- Supplied records -
►

lemma nn_integral_section_le_Liminf_weak_conv:
  fixes F :: "'b::metric_space \<times> 'a \<Rightarrow> real"
  assumes F: "continuous_on UNIV F" "\<And>z. 0 \<le> F z" "\<And>z. F z \<le> B"
  shows "(\<integral>\<^sup>+y. ennreal (F (x, y)) \<partial>M)
    \<le> Liminf (nhds x \<times>\<^sub>F sequentially) (\<lambda>(x', n). \<integral>\<^sup>+y. ennreal (F (x', y)) \<partial>Ms n)"
  unfolding le_Liminf_nhds_sequentially_iff
proof (intro allI impI, rule ccontr)
  fix e assume e: "e < (\<integral>\<^sup>+y. ennreal (F (x, y)) \<partial>M)"
    and "\<not> (\<exists>r>0. \<exists>N. \<forall>n\<ge>N. \<forall>x'. dist x' x < r \<longrightarrow> e < (\<integral>\<^sup>+y. ennreal (F (x', y)) \<partial>Ms n))"
  \<comment> \<open>Pick n k \<ge> k and x' k \<rightarrow> x along which the sections stay below e; the Fatou lemma
    for the reindexed sequence then bounds the section at x by e as well.\<close>
  then have "\<forall>k. \<exists>n\<ge>k. \<exists>x'. dist x' x < inverse (real (Suc k))
      \<and> (\<integral>\<^sup>+y. ennreal (F (x', y)) \<partial>Ms n) \<le> e"
    by (metis not_less of_nat_0_less_iff positive_imp_inverse_positive zero_less_Suc)
  then obtain n x' where n: "\<And>k. k \<le> n k" and x': "\<And>k. dist (x' k) x < inverse (real (Suc k))"
    and le_e: "\<And>k. (\<integral>\<^sup>+y. ennreal (F (x' k, y)) \<partial>Ms (n k)) \<le> e"
    by metis
  have n_lim: "filterlim n sequentially sequentially"
    unfolding filterlim_at_top using n by (auto intro: eventually_sequentiallyI order_trans)
  have "dist (x' k) x \<le> dist (inverse (real (Suc k))) 0" for k
    using x'[of k] by simp
  then have "x' \<longlonglongrightarrow> x"
    by (intro metric_tendsto_imp_tendsto[OF LIMSEQ_inverse_real_of_nat] always_eventually allI)
  then have "((\<lambda>(y', k). (x' k, y')) \<longlongrightarrow> (x, y)) (nhds y \<times>\<^sub>F sequentially)" for y :: 'a
    unfolding case_prod_unfold
    by (intro tendsto_Pair filterlim_compose[OF _ filterlim_snd] filterlim_fst)
  then have sections_tendsto:
    "((\<lambda>(y', k). ennreal (F (x' k, y'))) \<longlongrightarrow> ennreal (F (x, y))) (nhds y \<times>\<^sub>F sequentially)" for y
    using F(1) unfolding case_prod_unfold
    by (intro tendsto_ennrealI isCont_tendsto_compose[where g = F])
      (simp_all add: continuous_on_eq_continuous_at)
  have lower_limit:
    "ennreal (F (x, y)) \<le> Liminf (nhds y \<times>\<^sub>F sequentially) (\<lambda>(y', k). ennreal (F (x' k, y')))" for y
    using lim_imp_Liminf[OF _ sections_tendsto] by (simp add: prod_filter_eq_bot)
  interpret reindexed: weak_conv_probs "\<lambda>k. Ms (n k)" M
    by (rule weak_conv_probs_reindex[OF weak_conv_probs_axioms n_lim])
  have "(\<integral>\<^sup>+y. ennreal (F (x, y)) \<partial>M) \<le> liminf (\<lambda>k. \<integral>\<^sup>+y. ennreal (F (x' k, y)) \<partial>Ms (n k))"
    by (intro reindexed.nn_integral_le_Liminf_weak_conv[where b = "ennreal B"] lower_limit)
      (simp_all add: F(3) ennreal_leI)
  also have "\<dots> \<le> e"
    using le_e by (intro Liminf_le) simp_all
  finally show False using e by simp
qed

end

lemma borel_measurable_pair_measure_borel:
  fixes f :: "'a::second_countable_topology \<times> 'b::second_countable_topology \<Rightarrow> 'c::topological_space"
  assumes "sets M = sets borel" "sets N = sets borel" "f \<in> borel_measurable borel"
  shows "f \<in> borel_measurable (M \<Otimes>\<^sub>M N)"
proof -
  have "sets (M \<Otimes>\<^sub>M N) = sets (borel \<Otimes>\<^sub>M borel)"
    by (rule sets_pair_measure_cong) (use assms in auto)
  also have "\<dots> = sets (borel :: ('a \<times> 'b) measure)" by (rule arg_cong[where f=sets, OF borel_prod])
  finally show ?thesis using measurable_cong_sets[OF _ refl] assms(3) by blast
qed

◄

- What you should do -
Print exactly the lines of the listing above starting at the line containing "using F(1) unfolding case_prod_unfold" and ending at the line containing "by (rule weak_conv_probs_reindex[OF", both included.

- Expected answer -
    using F(1) unfolding case_prod_unfold
    by (intro tendsto_ennrealI isCont_tendsto_compose[where g = F])
      (simp_all add: continuous_on_eq_continuous_at)
  have lower_limit:
    "ennreal (F (x, y)) \<le> Liminf (nhds y \<times>\<^sub>F sequentially) (\<lambda>(y', k). ennreal (F (x' k, y')))" for y
    using lim_imp_Liminf[OF _ sections_tendsto] by (simp add: prod_filter_eq_bot)
  interpret reindexed: weak_conv_probs "\<lambda>k. Ms (n k)" M
    by (rule weak_conv_probs_reindex[OF weak_conv_probs_axioms n_lim])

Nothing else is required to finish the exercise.